Genetic analysis yields new insights into PTSD
Attempts to identify the genetic causes of neuropsychiatric diseases such as post-traumatic stress disorder (PTSD) through large-scale genome-wide analyses have yielded thousands of potential links. The challenge is further complicated by the wide range of symptoms exhibited by those who have PTSD. For instance, does extreme arousal, anger, or irritation experienced by some have the same genetic basis as the tendency to re-experience traumatic events, another symptom of the disorder?
A new study led by researchers at Yale and the University of California-San Diego (UCSD) provides answers to some of these questions and uncovers intriguing genetic similarities between PTSD and other mental health disorders such as anxiety, bipolar disorder, and schizophrenia.
The findings also suggest that existing drugs commonly used for other disorders might be modified to help treat individual symptoms of multiple disorders.
“The complexity is still there, but this study helped us chip away at it,” said co-senior author Joel Gelernter, the Foundations Fund Professor of Psychiatry and professor of genetics and neurobiology at Yale.
For the study, the researchers analyzed the complete genomes of more than 250,000 participants in the Million Veteran Program, a national research program of the U.S. Veterans Administration that studies how genes, lifestyle, and military experiences affect the health and illness of military veterans. Among those participants were approximately 36,000 diagnosed with PTSD.
But instead of looking just for gene variants shared by PTSD patients, they also searched for variants that have been linked to three kinds of clinical symptoms that are experienced, to varying degrees, by those diagnosed with the disorder. These symptom groups, or “subdomains,” include the re-experience of a traumatic event, hyperarousal or acute anger and irritability, and the avoidance of people or subjects that might be related to past trauma.
While the researchers found underlying genetic commonalities among all three symptom groups, they also discovered specific variants linked to only one or two of the symptoms.
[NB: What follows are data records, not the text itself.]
definition aus_modulus :: "real \<Rightarrow> ((nat \<Rightarrow> nat list \<Rightarrow> real) \<Rightarrow> real) \<Rightarrow> real \<Rightarrow> real" where
  "aus_modulus p N t =
     (SUP x\<in>{x\<in>Xw p. N x = 1}.
        INF Y\<in>{Y. fincodim_subspace p N Y}.
          SUP y\<in>{y\<in>Y. N y = 1}. N (vadd x (vscale t y)) - 1)"

definition AUS :: "real \<Rightarrow> ((nat \<Rightarrow> nat list \<Rightarrow> real) \<Rightarrow> real) \<Rightarrow> bool" where
  "AUS p N \<longleftrightarrow> ((\<lambda>t. aus_modulus p N t / t) \<longlongrightarrow> 0) (at_right 0)"

end

theory Submission
  imports Defs
begin

text \<open>
  Let \<open>N\<close> be an equivalent norm, \<open>c \<parallel>x\<parallel> \<le> N x \<le> C \<parallel>x\<parallel>\<close>, with \<open>\<rho>(t) < \<epsilon> t\<close> for small
  \<open>t\<close>, where \<open>\<epsilon> = c / (2 C)\<close>. Work in one summand \<open>X\<^sup>1\<^sup>,\<^sup>J\<^sub>p\<close> with tree vectors:
  level \<open>i\<close> (the coordinates of length \<open>i\<close>) carries \<open>T i\<close> times a tensor product
  \<open>a 0 \<otimes> \<dots> \<otimes> a (i - 1)\<close> of \<open>\<ell>\<^sub>p\<close>-unit vectors, so the levels are \<open>\<ell>\<^sub>1\<close>-summed and the
  norm is \<open>\<Sum>i. \<bar>T i\<bar>\<close>. Since a level offers infinitely many choices for the last factor,
  every finite-codimensional subspace contains a unit vector of the next level. Asymptotic
  smoothness therefore lets us append \<open>J\<close> levels, each of weight at least \<open>\<tau> / C\<close> for a
  fixed small \<open>\<tau>\<close>, at a cost of at most \<open>\<epsilon> \<tau>\<close> in \<open>N\<close> each. The result has norm at least
  \<open>1 + J \<tau> / C\<close> but \<open>N\<close>-value at most \<open>C + J \<epsilon> \<tau>\<close>, which contradicts \<open>c \<parallel>x\<parallel> \<le> N x\<close>
  once \<open>J\<close> is large.
\<close>

section \<open>Minkowski's inequality for sequences\<close>

lemma convex_powr_nonneg:
  fixes p t u v :: real
  assumes p: "1 \<le> p" and "0 \<le> u" "0 \<le> v" "0 \<le> t" "t \<le> 1"
  shows "(t * u + (1 - t) * v) powr p \<le> t * u powr p + (1 - t) * v powr p"
proof (cases "0 < u \<and> 0 < v")
  case True
  then show ?thesis
    using convex_onD[OF powr_convex[OF p], of "1 - t" u v] assms by (simp add: algebra_simps)
next
  case False
  have scale: "(m * w) powr p \<le> m * w powr p" if "0 \<le> m" "m \<le> 1" "0 \<le> w" for m w :: real
  proof -
    have "m powr p \<le> m"
      using powr_mono'[of 1 p m] p that by simp
    then show ?thesis
      using that by (simp add: powr_mult mult_right_mono)
  qed
  from False consider "u = 0" | "v = 0"
    using assms by linarith
  then show ?thesis
    by cases (use scale[of "1 - t" v] scale[of t u] assms in simp_all)
qed

lemma lp_norm_mono:
  fixes b c :: "nat \<Rightarrow> real"
  assumes p: "0 < p" and c: "\<And>n. 0 \<le> c n" "\<And>n. c n \<le> b n" and b: "summable (\<lambda>n. b n powr p)"
  shows "summable (\<lambda>n. c n powr p) \<and> (\<Sum>n. c n powr p) powr (1/p) \<le> (\<Sum>n. b n powr p) powr (1/p)"
proof -
  have le: "c n powr p \<le> b n powr p" for n
    using c p by (intro powr_mono2) auto
  have "summable (\<lambda>n. c n powr p)"
    by (rule summable_comparison_test[OF _ b]) (use le in auto)
  moreover from this have "(\<Sum>n. c n powr p) \<le> (\<Sum>n. b n powr p)"
    using b le by (intro suminf_le)
  moreover from calculation have "0 \<le> (\<Sum>n. c n powr p)"
    by (intro suminf_nonneg) auto
  ultimately show ?thesis
    using p by (simp add: powr_mono2)
qed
“We found a remarkably high degree of genetic relatedness between these three symptom subdomains. But we also wouldn’t expect them to be genetically identical, and they are not,” Gelernter said. “We found biological support for different clinical presentations of PTSD.”
The research also showed that some these variants found in subgroups of patient symptoms are also linked to other disorders such as major depression. The results suggest drugs used to treat other disorders might also help treat of PTSD.
“Our research pointed to some medications that are currently marketed for other disease states and could be repurposed for PTSD,” said co-senior author Murray Stein, Distinguished Professor of Psychiatry and Public Health at UC-San Diego.
Intriguingly, some of the variants linked to all PTSD symptoms have been associated with other neuropsychiatric disorders. For instance, PTSD-associated variants of the gene MAD1L1, which helps regulate cell cycling, have also been linked to schizophrenia and bipolar disorder.
“These observations, and the recent finding of GWS [genomewide-significant] association with anxiety suggest that MAD1L1 may be a general risk factor for psychopathology,” the authors write.